- The Washington Times - Wednesday, February 27, 2002

Defense Secretary Donald H. Rumsfeld yesterday said he does not favor using military forces for peacekeeping operations because of strains they put on military forces and personnel.
"I think that we organize, train, and equip, and recruit for people to come in and serve in the military in military functions," Mr. Rumsfeld told reporters at the Pentagon. "And to the extent we can have as few people in uniform doing nonmilitary functions, I think we better serve ourselves, our country and our personnel."
Mr. Rumsfeld said the current size of the U.S. military is limited, and that service personnel are being discouraged from retiring because of the war on terrorism. The military also has called up tens of thousands of reservists and National Guard personnel.

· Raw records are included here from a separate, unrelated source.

lemma exp_loss_perturbation_gap:
  assumes "prob_dist p" "prob_dist p'" "\<And>y. \<bar>r y\<bar> \<le> p y" "\<And>y. \<bar>r y\<bar> \<le> p' y" "balanced \<phi> r"
  shows "2 * \<bar>exp_loss S (t (mean_emb \<phi> p)) r - exp_loss S (t (mean_emb \<phi> p')) r\<bar>
    \<le> exp_loss S (t (mean_emb \<phi> p)) (\<lambda>y. p' y - p y) - exp_loss S (t (mean_emb \<phi> p')) (\<lambda>y. p' y - p y)"
  using exp_loss_perturbation_le[of p p' r] exp_loss_perturbation_le[of p' p r] assms
  by (simp add: exp_loss_diff abs_minus_commute)

lemma exp_loss_balanced_eq_of_dominated:
  assumes q0: "prob_dist q0" and q1: "prob_dist q1"
    and dom0: "\<And>y. \<bar>r y\<bar> \<le> q0 y" and dom1: "\<And>y. \<bar>r y\<bar> \<le> q1 y" and r: "balanced \<phi> r"
  shows "exp_loss S (t (mean_emb \<phi> q0)) r = exp_loss S (t (mean_emb \<phi> q1)) r"
proof -
  define d where "d y = q1 y - q0 y" for y
  define f where "f q = exp_loss S (t (mean_emb \<phi> q)) r" for q
  define C where "C = exp_loss S (t (mean_emb \<phi> q0)) d - exp_loss S (t (mean_emb \<phi> q1)) d"
  \<comment> \<open>Walk from q0 to q1 in n equal steps; the gap bounds telescope to \<open>C / (2 n)\<close>.\<close>
  have "\<bar>f q0 - f q1\<bar> \<le> (C / 2) / real n" if "0 < n" for n
  proof -
    define p where "p i y = (1 - real i / real n) * q0 y + (real i / real n) * q1 y" for i y
    have p_prob: "prob_dist (p i)" and p_dom: "\<bar>r y\<bar> \<le> p i y" if "i \<le> n" for i y
    proof -
      have a: "0 \<le> real i / real n" "real i / real n \<le> 1"
        using that \<open>0 < n\<close> by auto
      show "prob_dist (p i)"
        unfolding p_def using prob_dist_convex_combination[OF q0 q1 a] .
      have "(1 - real i / real n) * \<bar>r y\<bar> + (real i / real n) * \<bar>r y\<bar> \<le> p i y"
        unfolding p_def using a dom0[of y] dom1[of y] by (intro add_mono mult_left_mono) auto
      then show "\<bar>r y\<bar> \<le> p i y" by (simp add: algebra_simps)
    qed
    have p_step: "(\<lambda>y. p (Suc i) y - p i y) = (\<lambda>y. (1 / real n) * d y)" for i
      using \<open>0 < n\<close> by (auto simp: p_def d_def field_simps)
    define z where "z i = exp_loss S (t (mean_emb \<phi> (p i))) d / (2 * real n)" for i
    have "\<bar>f (p i) - f (p (Suc i))\<bar> \<le> z i - z (Suc i)" if "i < n" for i
      using exp_loss_perturbation_gap[OF p_prob p_prob p_dom p_dom r, of i "Suc i"] that
      unfolding p_step exp_loss_scale z_def f_def by (simp add: field_simps)
    then have "\<bar>f (p 0) - f (p n)\<bar> \<le> z 0 - z n"
      by (rule telescoping_abs_le)
    moreover have "p 0 = q0" "p n = q1"
      using \<open>0 < n\<close> by (auto simp: p_def)
    ultimately show ?thesis
      by (simp add: z_def C_def diff_divide_distrib)
  qed
  then have "f q0 - f q1 = 0"
    by (rule eq_0_if_abs_le_const_over_n)
  then show ?thesis by (simp add: f_def)
qed

lemma exp_loss_balanced_eq_of_pos:
  assumes q0: "prob_dist q0" and q1: "prob_dist q1"
    and pos0: "\<And>y. 0 < q0 y" and pos1: "\<And>y. 0 < q1 y" and r: "balanced \<phi> r"
  shows "exp_loss S (t (mean_emb \<phi> q0)) r = exp_loss S (t (mean_emb \<phi> q1)) r"
proof -
  define \<delta> where "\<delta> = Min (range q0 \<union> range q1)"
  have "0 < \<delta>" "\<And>y. \<delta> \<le> q0 y" "\<And>y. \<delta> \<le> q1 y"
    unfolding \<delta>_def using pos0 pos1 by auto
  define c where "c = \<delta> / (1 + (\<Sum>y\<in>UNIV. \<bar>r y\<bar>))"
  have "0 < 1 + (\<Sum>y\<in>UNIV. \<bar>r y\<bar>)"
    by (simp add: add_pos_nonneg sum_nonneg)
  then have "0 < c" and "\<bar>c * r y\<bar> \<le> \<delta>" for y
    unfolding c_def using \<open>0 < \<delta>\<close> member_le_sum[of y UNIV "\<lambda>y. \<bar>r y\<bar>"]
    by (auto simp: abs_mult pos_divide_le_eq intro!: mult_left_mono)
  moreover have "balanced \<phi> (\<lambda>y. c * r y)"
    using r by (simp add: balanced_def mean_emb_scale sum_distrib_left[symmetric])
  moreover have "\<bar>c * r y\<bar> \<le> q0 y" "\<bar>c * r y\<bar> \<le> q1 y" for y
    using \<open>\<bar>c * r y\<bar> \<le> \<delta>\<close> \<open>\<delta> \<le> q0 y\<close> \<open>\<delta> \<le> q1 y\<close> by linarith+
  ultimately have "c * exp_loss S (t (mean_emb \<phi> q0)) r = c * exp_loss S (t (mean_emb \<phi> q1)) r"
    using exp_loss_balanced_eq_of_dominated[OF q0 q1, of "\<lambda>y. c * r y"] by (simp add: exp_loss_scale)
  then show ?thesis
    using \<open>0 < c\<close> by simp
qed
lemma kernel_integral_le_tail_sup_integral:
  fixes a \<theta> r :: real and K :: "real \<Rightarrow> real"
  assumes "a \<ge> 0" "\<theta> \<le> 1" "r > 0"
    and [measurable]: "K \<in> borel_measurable borel"
    and K_nonneg: "\<forall>t\<in>{0<..<1}. 0 \<le> K t" and K_anti: "antimono_on {0<..<1} K"
  shows "kernel_integral \<theta> a r K \<le> ennreal (2 powr ((1 - \<theta>) * r)) * tail_sup_integral \<theta> a r K"
proof -
  define c where "c = 2 powr ((1 - \<theta>) * r)"
  define fA where "fA t = (t powr (1 - \<theta>) * (1 - ln t) powr (a * (1 - \<theta>)) * tail_sup a K t) powr r / t" for t
  define fB where "fB t = (t powr (1 - \<theta>) * (1 - ln t) powr (- a * \<theta>) * K t) powr r / t" for t
  define I where "I = (\<integral>\<^sup>+x. ennreal (fB (2 * x)) * indicator {0<..<1} (2 * x) \<partial>lborel)"
  have c0: "c > 0" by (simp add: c_def)
  have "kernel_integral \<theta> a r K = (\<integral>\<^sup>+t. ennreal (fB t) * indicator {0<..<1} t \<partial>lborel)"
    unfolding kernel_integral_def fB_def ..
  also have "\<dots> = ennreal c * (ennreal (2 / c) * I)"
    using nn_integral_real_affine[of "\<lambda>t. ennreal (fB t) * indicator {0<..<1} t" 2 0] c0
    unfolding fB_def I_def by (simp add: ennreal_mult[symmetric] mult.assoc[symmetric])
  also have "ennreal (2 / c) * I = (\<integral>\<^sup>+x. ennreal (2 / c) * (ennreal (fB (2 * x)) * indicator {0<..<1} (2 * x)) \<partial>lborel)"
    unfolding I_def fB_def by (rule nn_integral_cmult[symmetric]) measurable
  also have "\<dots> \<le> tail_sup_integral \<theta> a r K"
    unfolding tail_sup_integral_def fA_def[symmetric]
  proof (rule nn_integral_mono)
    fix x :: real
    show "ennreal (2 / c) * (ennreal (fB (2 * x)) * indicator {0<..<1} (2 * x))
      \<le> ennreal (fA x) * indicator {0<..<1} x"
    proof (cases "0 < x \<and> 2 * x < 1")
      case True
      have "fB (2 * x) \<le> (2 powr (1 - \<theta>) * (x powr (1 - \<theta>) * (1 - ln x) powr (a * (1 - \<theta>)) * tail_sup a K x)) powr r / (2 * x)"
        unfolding fB_def using True assms K_nonneg
        by (intro divide_right_mono powr_mono2 kernel_weight_le_tail_sup_weight) auto
      also have "\<dots> = c / 2 * fA x"
        using True tail_sup_nonneg[OF assms(1), of x K] K_nonneg K_anti
        by (simp add: c_def fA_def powr_mult powr_powr)
      finally have "2 / c * fB (2 * x) \<le> fA x" using c0 by (simp add: field_simps)
      moreover have "0 \<le> fB (2 * x)" using True by (simp add: fB_def)
      ultimately show ?thesis using True c0 by (simp add: ennreal_mult[symmetric] ennreal_leI)
    qed auto
  qed
  finally show ?thesis by (simp add: c_def mult_left_mono)
qed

The defense secretary made the remarks when asked if he has a "philosophical" opposition to using U.S. forces in peacekeeping. He denied his opposition was philosophical.
"We also have a whole lot of … military people doing a lot of things that are not military jobs," Mr. Rumsfeld said.
Mr. Rumsfeld said he prefers to assign military personnel to relieve activated National Guard and reserve forces, who "need to go back to their normal lives and families and employment." He said the military needs to return "to functions of our government and our defense establishment."
The comments are in sharp contrast to the Clinton administration, which ordered U.S. troops on scores of peacekeeping and humanitarian operations around the world. The deployments hampered training, wore out equipment and stretched U.S. military forces, officials have said.
Gen. Tommy Franks, head of the U.S. Central Command, said on Monday that the United States would not take part in an international peacekeeping force in Afghanistan.
The four-star general said he prefers setting up a national Afghan army, which can maintain border control and stability in place of a peacekeeping force.
Currently, there are about 6,000 international military troops in Afghanistan as part of the International Security Assistance Force (ISAF), led by the British military.
By contrast, the total number of U.S. military personnel is around 5,000, Mr. Rumsfeld said.
Mr. Rumsfeld said the U.S. military is helping without sending combat troops.
"We are making a contribution, philosophical or non-philosophical, as it may be … in Afghanistan by providing some logistics, some airlifts, some intelligence," he said.
"We are also providing a quick reaction-force availability in the event that the ISAF has some difficulties, which I hope they don't. So it's not like we're not making a contribution to the security in the country. I think we are; indeed, I know we are."
In other developments, Mr. Rumsfeld said the Pentagon is prepared to hold military tribunals for captured al Qaeda terrorists, if the president decides to order people to stand trial. He declined to provide details on how the tribunals would operate, but said they could be set up quickly.
Gen. Richard Myers, chairman of the Joint Chiefs of Staff, said that U.S. military forces in Afghanistan are continuing to gather intelligence on terrorist activities and operations and are searching for Taliban and al Qaeda fighters.
Authorities in Pakistan and Afghanistan recently turned over 16 additional prisoners to the U.S. military, Gen. Myers said.
The total number of detainees held in Afghanistan is 194. An additional 300 prisoners are being kept at the U.S. Navy base at Guantanamo Bay, Cuba, he said.